Developer preferences for interaction patterns existed before AI tools, with some preferring IDEs while others used Vim or Emacs. AI adds another dimension of customization. Logan suggested that developers might eventually have highly personalised environments, potentially even forks of tools like VS Code that include custom agentic capabilities.
The cost of creating software continues to drop, which enables more experimentation and specialization. Rather than converging on a single optimal workflow, the ecosystem may produce an expanding variety of approaches tuned to different mental models, languages, and problem domains.
For organizations, this implies flexibility in tooling policies. Forcing a single approach may sacrifice individual productivity gains that come from letting developers work in their preferred environments. The tradeoff between standardization benefits and individual optimization is shifting toward the latter as tools become more capable.
Software Volume and Developer Value
Logan made a striking claim: software volume could be a million times larger in ten years than it is today.
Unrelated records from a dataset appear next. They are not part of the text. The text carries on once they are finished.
(* Let $T_1,\dots,T_m$ be conjunctions over variables $x_1,\dots,x_n$, presented online, each of which is the union of some subset of metafeatures $m_1,\dots,m_k$ satisfying the anchor-variable condition. Consider the following online procedure (Algorithm 4): initialize $\mathrm{TS}=\emptyset$ and $\tilde M=\emptyset$; for $r=1,\dots,m$, if $T_r$ is not equal to the union of the metafeatures in $\tilde M$ contained in $T_r$, then ("learning $T_r$ from scratch") append $T_r$ to $\mathrm{TS}$ and replace $\tilde M$ by the output of Algorithm 3 run on $\mathrm{TS}$. Then the number of targets learned from scratch (appended to $\mathrm{TS}$) is at most $n^2+k$.
   Context: A conjunction/monomial is identified with its set of variables. Metafeatures $m_1,\dots,m_k$ satisfy the anchor-variable condition if each $m_i$ contains a variable $y_i$ belonging to no other $m_j$. For a variable $z$, $N(\mathrm{TS},z)$ is the set of conjunctions in $\mathrm{TS}$ containing $z$. Algorithm 3, on an ordered list $\mathrm{TS}$ of conjunctions: start with no hypothesized metafeatures; for a conjunction $T$ let $h(T)$ be the union of all hypothesized metafeatures produced so far contained in $T$; while some $T\in\mathrm{TS}$ has $T\ne h(T)$, take the least-index such $T$, choose $z\in T\setminus h(T)$ minimal in the sense that no $z'\in T\setminus h(T)$ has $N(\mathrm{TS},z')\subsetneq N(\mathrm{TS},z)$ (ties broken by least variable index), and add the metafeature $\bigcap_{T'\in\mathrm{TS},\,z\in T'}T'$. Output all metafeatures produced. *)

theory Defs
  imports Main "HOL-Library.While_Combinator"
begin

text \<open>Conjunctions / monomials are identified with their sets of variables
(variables are natural numbers; the variables x_1..x_n are 0..n-1).\<close>

definition anchor_condition :: "(nat \<Rightarrow> nat set) \<Rightarrow> nat \<Rightarrow> bool" where
  "anchor_condition M k \<longleftrightarrow>
     (\<forall>i<k. \<exists>y\<in>M i. \<forall>j<k. j \<noteq> i \<longrightarrow> y \<notin> M j)"

definition hyp_union :: "nat set set \<Rightarrow> nat set \<Rightarrow> nat set" where
  "hyp_union H T = \<Union>{m \<in> H. m \<subseteq> T}"

definition nbhd :: "nat set list \<Rightarrow> nat \<Rightarrow> nat set set" where
  "nbhd TS z = {T' \<in> set TS. z \<in> T'}"

definition alg3_step :: "nat set list \<Rightarrow> nat set set \<Rightarrow> nat set set" where
  "alg3_step TS H =
     (let T = hd (filter (\<lambda>T. T \<noteq> hyp_union H T) TS);
          D = T - hyp_union H T;
          z = (LEAST z. z \<in> D \<and> \<not> (\<exists>z'\<in>D. nbhd TS z' \<subset> nbhd TS z))
      in insert (\<Inter>{T' \<in> set TS. z \<in> T'}) H)"

definition alg3 :: "nat set list \<Rightarrow> nat set set" where
  "alg3 TS = while (\<lambda>H. \<exists>T\<in>set TS. T \<noteq> hyp_union H T) (alg3_step TS) {}"

definition alg4_round :: "nat set list \<times> nat set set \<Rightarrow> nat set \<Rightarrow> nat set list \<times> nat set set" where
  "alg4_round st T =
     (let (TS, Mt) = st in
      if T \<noteq> hyp_union Mt T then (TS @ [T], alg3 (TS @ [T])) else (TS, Mt))"

definition alg4 :: "nat set list \<Rightarrow> nat set list \<times> nat set set" where
  "alg4 Ts = foldl alg4_round ([], {}) Ts"

end

theory Submission
  imports Defs
begin

text \<open>Write \<open>cl z\<close> for the intersection of the stored targets containing \<open>z\<close>. Algorithm 3
  only produces such closures, and afterwards every stored target is the union of the hypotheses
  it contains; hence a closure \<open>cl v\<close> that is \<open>\<subseteq>\<close>-maximal among the closures of the variables
  of a stored target is a hypothesis. Storing a target \<open>T\<close> that the hypotheses do not explain
  decreases the potential \<open>\<Sum>z<n. |cl z| + [z is an anchor whose closure is not maximal]\<close>.
  If some closure shrinks, some term drops: otherwise every variable with a shrinking closure
  would be an anchor losing maximality, and a variable whose new closure is \<open>\<subset>\<close>-maximal among
  these would be dominated inside \<open>T\<close> by a variable whose closure shrinks as well. If no closure
  changes, the anchor of a metafeature carrying an unexplained variable of \<open>T\<close> becomes maximal.
  The potential starts at most at \<open>n (n + 1) + k\<close> and never drops below \<open>n\<close>.\<close>

lemma exists_maximal_image:
  fixes f :: "'a \<Rightarrow> 'b set"
  assumes "finite (f ` A)" and "a \<in> A"
  shows "\<exists>u\<in>A. f a \<subseteq> f u \<and> (\<forall>w\<in>A. \<not> f u \<subset> f w)"
proof -
  have "f a \<in> f ` A"
    using assms(2) by (rule imageI)
  from finite_has_maximal2[OF assms(1) this]
  obtain X where "X \<in> f ` A" "f a \<subseteq> X" and X: "\<forall>Y\<in>f ` A. X \<subseteq> Y \<longrightarrow> X = Y"
    by (elim bexE conjE)
  then obtain u where u: "u \<in> A" "X = f u"
    by blast
  have "\<not> f u \<subset> f w" if "w \<in> A" for w
    using X[rule_format, of "f w"] that u(2) by (auto simp: psubset_eq)
  with u \<open>f a \<subseteq> X\<close> show ?thesis
    by blast
qed

lemma hyp_union_subset: "hyp_union H T \<subseteq> T"
  by (auto simp: hyp_union_def)

lemma hyp_union_mono: "H \<subseteq> H' \<Longrightarrow> hyp_union H T \<subseteq> hyp_union H' T"
  by (auto simp: hyp_union_def)

subsection \<open>Closures of variables\<close>

definition var_closure :: "nat set list \<Rightarrow> nat \<Rightarrow> nat set" where
  "var_closure TS z = \<Inter>{T \<in> set TS. z \<in> T}"

lemma var_closure_mem: "z \<in> var_closure TS z"
  by (auto simp: var_closure_def)

lemma var_closure_subset: "T \<in> set TS \<Longrightarrow> z \<in> T \<Longrightarrow> var_closure TS z \<subseteq> T"
  by (auto simp: var_closure_def)

lemma var_closure_trans: "u \<in> var_closure TS v \<Longrightarrow> var_closure TS u \<subseteq> var_closure TS v"
  by (auto simp: var_closure_def)

lemma var_closure_bounded:
  assumes "\<forall>T\<in>set TS. T \<subseteq> {..<n}" and "z \<in> \<Union>(set TS)"
  shows "var_closure TS z \<subseteq> {..<n}"
  using assms var_closure_subset by blast

lemma finite_var_closure:
  assumes "\<forall>T\<in>set TS. T \<subseteq> {..<n}" and "z \<in> \<Union>(set TS)"
  shows "finite (var_closure TS z)"
  using var_closure_bounded[OF assms] finite_subset by blast

lemma card_var_closure_le:
  assumes "\<forall>T\<in>set TS. T \<subseteq> {..<n}" and "z \<in> \<Union>(set TS)"
  shows "card (var_closure TS z) \<le> n"
  using card_mono[OF _ var_closure_bounded[OF assms]] by simp

lemma var_closure_append_subset: "var_closure (TS @ [T]) z \<subseteq> var_closure TS z"
  by (auto simp: var_closure_def)

lemma var_closure_append_notin: "z \<notin> T \<Longrightarrow> var_closure (TS @ [T]) z = var_closure TS z"
  unfolding var_closure_def by (rule arg_cong[where f = Inter]) auto

lemma var_closure_append_in: "z \<in> T \<Longrightarrow> var_closure (TS @ [T]) z = var_closure TS z \<inter> T"
  by (auto simp: var_closure_def)

subsection \<open>Algorithm 3\<close>

definition consistent_hypothesis :: "nat set list \<Rightarrow> nat set set \<Rightarrow> bool" where
  "consistent_hypothesis TS H \<longleftrightarrow>
     (\<forall>T\<in>set TS. T = hyp_union H T) \<and> (\<forall>m\<in>H. \<exists>z. m = var_closure TS z)"
(* Let $N\geq 2$ and let $s_m,\sigma_x,\sigma_r,R_M$ be positive constants. Let $$\mathcal{D}=\{(s,x,y,S,\gamma)\in[s_m,+\infty)\times\mathbb{R}\times\mathbb{R}\times[s_m,+\infty)\times\mathbb{R}_+ \mid s_m<S\leq s_m e^{R_M},\ s_m<s\leq S\}.$$ Let $\mu_0$ be a probability measure on $\mathbb{R}^5$ whose support is included in the interior $\mathring{\mathcal{D}}$ of $\mathcal{D}$. Let $Z_N^0=(s_i^0,x_i,y_i,S_i,\gamma_i)_{1\leq i\leq N}$ be a random variable with distribution $\mu_0^{\otimes N}$ and let $t\mapsto (s_i(t,Z_N^0))_{1\leq i\leq N}$ be the solution on $\mathbb{R}_+$ of the system $$s_i(0)=s_i^0,\qquad \frac{\mathrm{d}s_i(t)}{\mathrm{d}t}=\gamma_i s_i(t)\left(\log\left(\frac{S_i}{s_m}\right)\left(1-\frac{1}{N-1}\sum_{j\neq i}C(s_i(t),s_j(t),|\vec x_i-\vec x_j|)\right)-\log\left(\frac{s_i(t)}{s_m}\right)\right),$$ where $\vec x_i=(x_i,y_i)$ and $C(s_i,s_j,d)=\frac{\log(s_j/s_m)}{2R_M(1+d^2/\sigma_x^2)}\left(1+\tanh\left(\frac{1}{\sigma_r}\log\frac{s_j}{s_i}\right)\right)$. Then almost surely, for all $t\in\mathbb{R}_+$, $(s_i(t,Z_N^0),x_i,y_i,S_i,\gamma_i)_{1\leq i\leq N}\in\mathring{\mathcal{D}}^N$.
   Context: $|\vec x_i-\vec x_j|$ is the Euclidean distance in $\mathbb{R}^2$. $\mathring{\mathcal{D}}^N$ denotes the $N$-fold product of the interior of $\mathcal{D}$. *)

theory Defs
  imports "HOL-Probability.Probability"
begin

type_synonym pt5 = "real \<times> real \<times> real \<times> real \<times> real"

definition domD :: "real \<Rightarrow> real \<Rightarrow> pt5 set" where
  "domD sm RM = {(s, x, y, S, g). s \<ge> sm \<and> S \<ge> sm \<and> g \<ge> 0 \<and>
      sm < S \<and> S \<le> sm * exp RM \<and> sm < s \<and> s \<le> S}"

definition measure_support :: "'a::topological_space measure \<Rightarrow> 'a set" where
  "measure_support \<mu> = {z. \<forall>U. open U \<longrightarrow> z \<in> U \<longrightarrow> emeasure \<mu> U \<noteq> 0}"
The natural follow-up question concerns what that means for developer value.
The answer draws on a distinction between coding as typing and software engineering as problem-solving. The value of typing characters that compile into programs is likely to decline. The value of understanding problems deeply, making architectural decisions, and having strong opinions based on experience is likely to persist or increase.
"AI doesn't minimise the value of that way of thinking about the world, the way of problem-solving," Logan argued. "I think it actually accelerates the value of it."
There will always be a frontier of capability beyond what average users of AI tools can achieve. The gap between what tools can theoretically do and what most people can accomplish with them creates space for developers who understand the systems deeply enough to push toward that frontier. Edge cases, debugging complex failures, and making technical decisions where no single right answer exists all require human judgment even when AI handles implementation.
The pedagogical implication matters as well. Computer science education that emphasises problem-solving approaches and ways of thinking transfers to AI-augmented development. Education focused narrowly on syntax and manual coding translates less directly.
AGI as Product, Not Model
The conversation touched briefly on AGI, where Logan offered a framework worth considering. His view is that AGI will emerge as a product experience rather than a model release. The distinction matters because products involve orchestration, UI, integration with other systems, and all the complexity that goes into making capabilities accessible and useful.
"I would be very surprised if we end up with just this chat UI where you go in and you just ask your question and everyone's like, this is AGI because it can do anything," Logan predicted. "I think it's going to probably be very orchestrated, with lots of different stuff, a ton of UI complexity, and all these different things."
This perspective aligns with what happened with coding agents. The models capable of writing code existed before the agent harnesses that made them useful in practice. The product layer that orchestrates model capabilities, manages context, handles tool use, and presents appropriate interfaces is what transformed potential into productivity.
For developers and companies building on AI, the implication is that capability improvements in underlying models matter, but so does the entire stack of product work that makes those capabilities usable. The gap between what models can do in principle and what products deliver in practice represents both an opportunity and a necessary investment.
The full conversation covers additional ground on Google's AI Studio platform, the evolution of SWE-bench and other benchmarks, and predictions about the lab landscape over the next five years. Worth a listen for anyone tracking how the major platforms are thinking about developer tools and the trajectory of AI capabilities.